Psychiatric services executive director, Associate Professor Phil Tune, said the facility would address a gap in services.
“Patients who have both serious psychiatric illness and serious difficulty with substance dependence and abuse often fall between the cracks,” he said.
“It’s been a real difficulty for this patient group.”
He said services comparable to those to be offered at the facility were not existing in the community.
“To get this sort of service, people have to travel,” Dr Tune said.
He believed minimal work would be needed to repurpose Vahland House, which is presently home to Bendigo Health’s Extended Care Mental Health Rehabilitation Unit.
“The only obstacle, really, will be the question of staffing,” Dr Tune said.
Efforts to refine the model of staffing to be employed at Bendigo Health’s new facility are underway.
The state government is expected to announce eight new residential rehabilitation beds for Bendigo Health today, as part of a statewide expansion of drug and alcohol services.
All 100 of the beds are to be established by March.
Dr Tune said Bendigo Health was in discussions with the government about the staffing model.
“There are a couple of possibilities,” Dr Tune said.
“One is that we could subcontract to staff with specific expertise in the area.”
The new facility is expected to be staffed by a range of employees.

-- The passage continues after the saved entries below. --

text \<open>Probability that some step is accepting = limit (supremum) of the
probabilities of acceptance within t steps (continuity of measure).\<close>
definition accept_prob :: "paca \<Rightarrow> nat list \<Rightarrow> real" where
  "accept_prob C x = (SUP t. accept_prob_within C x t)"

definition one_sided_paca :: "paca \<Rightarrow> real \<Rightarrow> nat list set \<Rightarrow> bool" where
  "one_sided_paca C p L \<longleftrightarrow> is_paca C \<and>
     (\<forall>x \<in> lists (inp C). (x \<in> L \<longleftrightarrow> accept_prob C x \<ge> 1 - p) \<and>
                         (x \<notin> L \<longleftrightarrow> accept_prob C x = 0))"

definition lang :: "paca \<Rightarrow> nat list set" where
  "lang C = {x \<in> lists (inp C). accept_prob C x > 0}"

end

theory Submission
  imports Defs "HOL-Library.Nat_Bijection"
begin

text \<open>Run two independent copies of C in alternation on the same input, accepting as soon as
  one of them accepts.  This fails only if both copies fail, so the error drops from p to
  p^2, while inputs that C never accepts stay unaccepted; each copy advances every second
  step, so the time doubles.  Iterating j times with p ^ 2 ^ j \<le> p' yields error p' in time
  2 ^ j \<cdot> T(n).\<close>

lemma length_step [simp]: "length (step C c xs) = length xs"
  by (simp add: step_def)

lemma length_run [simp]: "length (run C x cs t) = length x"
  by (induct t) auto

lemma step_cong: "(\<And>i. i < length xs \<Longrightarrow> c i = c' i) \<Longrightarrow> step C c xs = step C c' xs"
  unfolding step_def by (rule map_cong) auto

lemma run_cong:
  "(\<And>s i. s < t \<Longrightarrow> i < length x \<Longrightarrow> cs s i = cs' s i) \<Longrightarrow> run C x cs t = run C x cs' t"
  by (induct t) (auto intro!: step_cong)
lemma subspace_cinner_orthonormal_pair:
  fixes W :: "(complex^'n) set"
  assumes W: "subspace W" and "dim W \<ge> 3"
  obtains w\<^sub>1 w\<^sub>2 where "w\<^sub>1 \<in> W" "w\<^sub>2 \<in> W"
    "cinner w\<^sub>1 w\<^sub>1 = 1" "cinner w\<^sub>2 w\<^sub>2 = 1" "cinner w\<^sub>1 w\<^sub>2 = 0"
proof -
  obtain B where B: "B \<subseteq> W" "pairwise orthogonal B" "\<And>x. x \<in> B \<Longrightarrow> norm x = 1"
    "card B = dim W"
    using orthonormal_basis_subspace[OF W] by metis
  then obtain T where "T \<subseteq> B" "card T = 3"
    using \<open>dim W \<ge> 3\<close> obtain_subset_with_card_n by metis
  then obtain u\<^sub>1 u\<^sub>2 u\<^sub>3 where u: "{u\<^sub>1, u\<^sub>2, u\<^sub>3} \<subseteq> B" "u\<^sub>1 \<noteq> u\<^sub>2" "u\<^sub>2 \<noteq> u\<^sub>3" "u\<^sub>1 \<noteq> u\<^sub>3"
    by (auto simp: card_3_iff)
  have o: "inner u\<^sub>1 u\<^sub>2 = 0" "inner u\<^sub>1 u\<^sub>3 = 0" "inner u\<^sub>2 u\<^sub>3 = 0"
    using u B(2) by (auto simp: pairwise_def orthogonal_def)
  have "norm u\<^sub>1 = 1" "norm u\<^sub>2 = 1" "norm u\<^sub>3 = 1"
    using u(1) B(3) by auto
  then have n: "cinner u\<^sub>1 u\<^sub>1 = 1" "inner u\<^sub>2 u\<^sub>2 = 1" "inner u\<^sub>3 u\<^sub>3 = 1"
    by (simp_all add: cinner_self dot_square_norm)
  have uW: "u\<^sub>1 \<in> W" "u\<^sub>2 \<in> W" "u\<^sub>3 \<in> W"
    using u(1) B(1) by auto
  \<comment> \<open>Only the imaginary part of \<open>cinner u\<^sub>1 v\<close> has to vanish on \<open>span {u\<^sub>2, u\<^sub>3}\<close>:
    one real linear condition on a plane.\<close>
  define \<alpha> where "\<alpha> = inner (\<i> *s u\<^sub>1) u\<^sub>3"
  define \<beta> where "\<beta> = - inner (\<i> *s u\<^sub>1) u\<^sub>2"
  show ?thesis
  proof (cases "\<alpha> = 0 \<and> \<beta> = 0")
    case True
    with o n show ?thesis
      by (intro that[OF uW(1,2)])
        (simp_all add: cinner_self cinner_eq_0_iff \<beta>_def power2_norm_eq_inner)
  next
    case False
    define v where "v = \<alpha> *\<^sub>R u\<^sub>2 + \<beta> *\<^sub>R u\<^sub>3"
    have "inner v u\<^sub>2 = \<alpha>" "inner v u\<^sub>3 = \<beta>"
      using n o by (simp_all add: v_def inner_add_left inner_commute[of u\<^sub>3 u\<^sub>2])
    with False have "v \<noteq> 0" by auto
    have "v \<in> W" unfolding v_def using W uW by (intro subspace_add subspace_scale) auto
    have "cinner u\<^sub>1 v = 0"
      unfolding cinner_eq_0_iff using o
      by (simp add: v_def inner_add_right \<alpha>_def \<beta>_def algebra_simps)
    with \<open>v \<noteq> 0\<close> \<open>v \<in> W\<close> W show ?thesis
      by (intro that[OF uW(1) _ n(1), of "(1 / norm v) *\<^sub>R v"])
        (simp_all add: subspace_scale cinner_self cinner_scaleR_right)
  qed
qed
lemma lss_block_graph_separable:
  assumes "lss_block_graph p q E" "E \<noteq> {}" "p \<ge> 1" "q \<ge> 1"
  shows "separable p q (normalized_laplacian (p*q) E)"
proof -
  have E: "E \<subseteq> all_edges (p*q)" using assms(1) by (simp add: lss_block_graph_def graphs_def)
  hence "card E > 0" using assms(2) finite_all_edges finite_subset card_gt_0_iff by blast
  moreover have "mtrace (p*q) (laplacian E) = of_real (real (2 * card E))"
    using trace_laplacian[OF E] by simp
  ultimately have "separable p q (\<lambda>x y. laplacian E x y / of_real (real (2 * card E)))"
    using lss_block_graph_sep_cone[OF assms(1)] assms(3,4) by (intro sep_cone_separable) auto
  moreover have "normalized_laplacian (p*q) E = (\<lambda>x y. laplacian E x y / of_real (real (2 * card E)))"
    using trace_laplacian[OF E] by (simp add: normalized_laplacian_def fun_eq_iff)
  ultimately show ?thesis by simp
qed

section \<open>Counting graphs glued from blocks\<close>

lemma card_all_edges: "card (all_edges n) = n * (n - 1) div 2"
proof -
  have "all_edges n = {B. B \<subseteq> {..<n} \<and> card B = 2}"
    unfolding all_edges_def by (auto simp: card_2_iff)
  thus ?thesis by (simp add: n_subsets choose_two)
qed

lemma graphs_Pow: "graphs n = Pow (all_edges n)"
  unfolding graphs_def by auto

lemma card_graphs: "card (graphs n) = 2 ^ (n * (n - 1) div 2)"
  unfolding graphs_Pow by (simp add: card_Pow finite_all_edges card_all_edges)
lemma block_diag_mat_mult_block_constant:
  fixes F :: "nat \<Rightarrow> 'a::comm_semiring_1 mat"
  assumes rows: "\<And>b v. b < q \<Longrightarrow> v < m \<Longrightarrow> (\<Sum>w<m. F b $$ (v,w)) = s"
  shows "block_diag_mat m q F * mat (q*m) n (\<lambda>(z,w). g (z div m) w)
       = s \<cdot>\<^sub>m mat (q*m) n (\<lambda>(z,w). g (z div m) w)"
proof (rule eq_matI)
  fix x w assume "x < dim_row (s \<cdot>\<^sub>m mat (q*m) n (\<lambda>(z,w). g (z div m) w))"
    and "w < dim_col (s \<cdot>\<^sub>m mat (q*m) n (\<lambda>(z,w). g (z div m) w))"
  then have x: "x < q*m" and w: "w < n" by auto
  have xb: "x div m < q" using x by (simp add: less_mult_imp_div_less)
  have idx: "b*m + v < q*m" if "b < q" "v < m" for b v
  proof -
    have "b*m + v < (b+1)*m" using that by simp
    also have "\<dots> \<le> q*m" using that by (intro mult_le_mono1) simp
    finally show ?thesis .
  qed
  have "(block_diag_mat m q F * mat (q*m) n (\<lambda>(z,w). g (z div m) w)) $$ (x,w)
      = (\<Sum>z<q*m. block_diag_mat m q F $$ (x,z) * g (z div m) w)"
    using x w by (subst index_mult_mat_sum[of _ _ "q*m"]) (auto intro!: sum.cong)
  also have "\<dots> = (\<Sum>b<q. \<Sum>v<m. block_diag_mat m q F $$ (x, b*m+v) * g ((b*m+v) div m) w)"
    by (rule sum_blocks)
  also have "\<dots> = (\<Sum>b<q. if b = x div m then (\<Sum>v<m. F b $$ (x mod m, v)) * g b w else 0)"
    using x idx by (intro sum.cong refl) (auto simp: block_diag_mat_def sum_distrib_right intro!: sum.cong)
  also have "\<dots> = s * g (x div m) w"
    using xb x rows[of "x div m" "x mod m"] by (cases "m = 0") simp_all
  finally show "(block_diag_mat m q F * mat (q*m) n (\<lambda>(z,w). g (z div m) w)) $$ (x,w)
      = (s \<cdot>\<^sub>m mat (q*m) n (\<lambda>(z,w). g (z div m) w)) $$ (x,w)"
    using x w by simp
qed auto

lemma ones_mat_carrier[simp]: "ones_mat a b \<in> carrier_mat a b"
  and ones_mat_dim[simp]: "dim_row (ones_mat a b) = a" "dim_col (ones_mat a b) = b"
  and ones_mat_index[simp]: "i < a \<Longrightarrow> j < b \<Longrightarrow> ones_mat a b $$ (i,j) = 1"
  by (auto simp: ones_mat_def)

“We haven’t formalised the model yet,” Dr Tune said.
The government is understood to be working closely with Bendigo Health to confirm the workforce needed for the new facility.
The Bendigo Advertiser understands the government to be offering targeted recruitment support to identify appropriately skilled staff, including social workers, counsellors and nurses.
Dr Tune last month spoke of difficulties recruiting staff for Bendigo Health’s psychiatric services.
An estimated 144 full time equivalent staff will be required to open all the psychiatric beds at the new hospital.
Dr Tune said the approximate number of staff employed in inpatient psychiatric units prior to the shift was 99 full time equivalent employees.
Staffing has delayed the extended care unit’s transfer from Vahland House to the new hospital.
Dr Tune expected the shift to be complete by early December, clearing the way for the new facility.
A 12-bed community care unit will remain at the site.
Dr Tune dubbed the eight new beds “another great development for Bendigo” and welcomed the government’s investment.
“I have no doubt it will be a well-used facility,” he said.
Minister for Mental Health, Martin Foley, said the 100 new beds would deliver help to more than 400 additional people every year.
“We’re doubling the number of rehab beds in Victoria,” he said.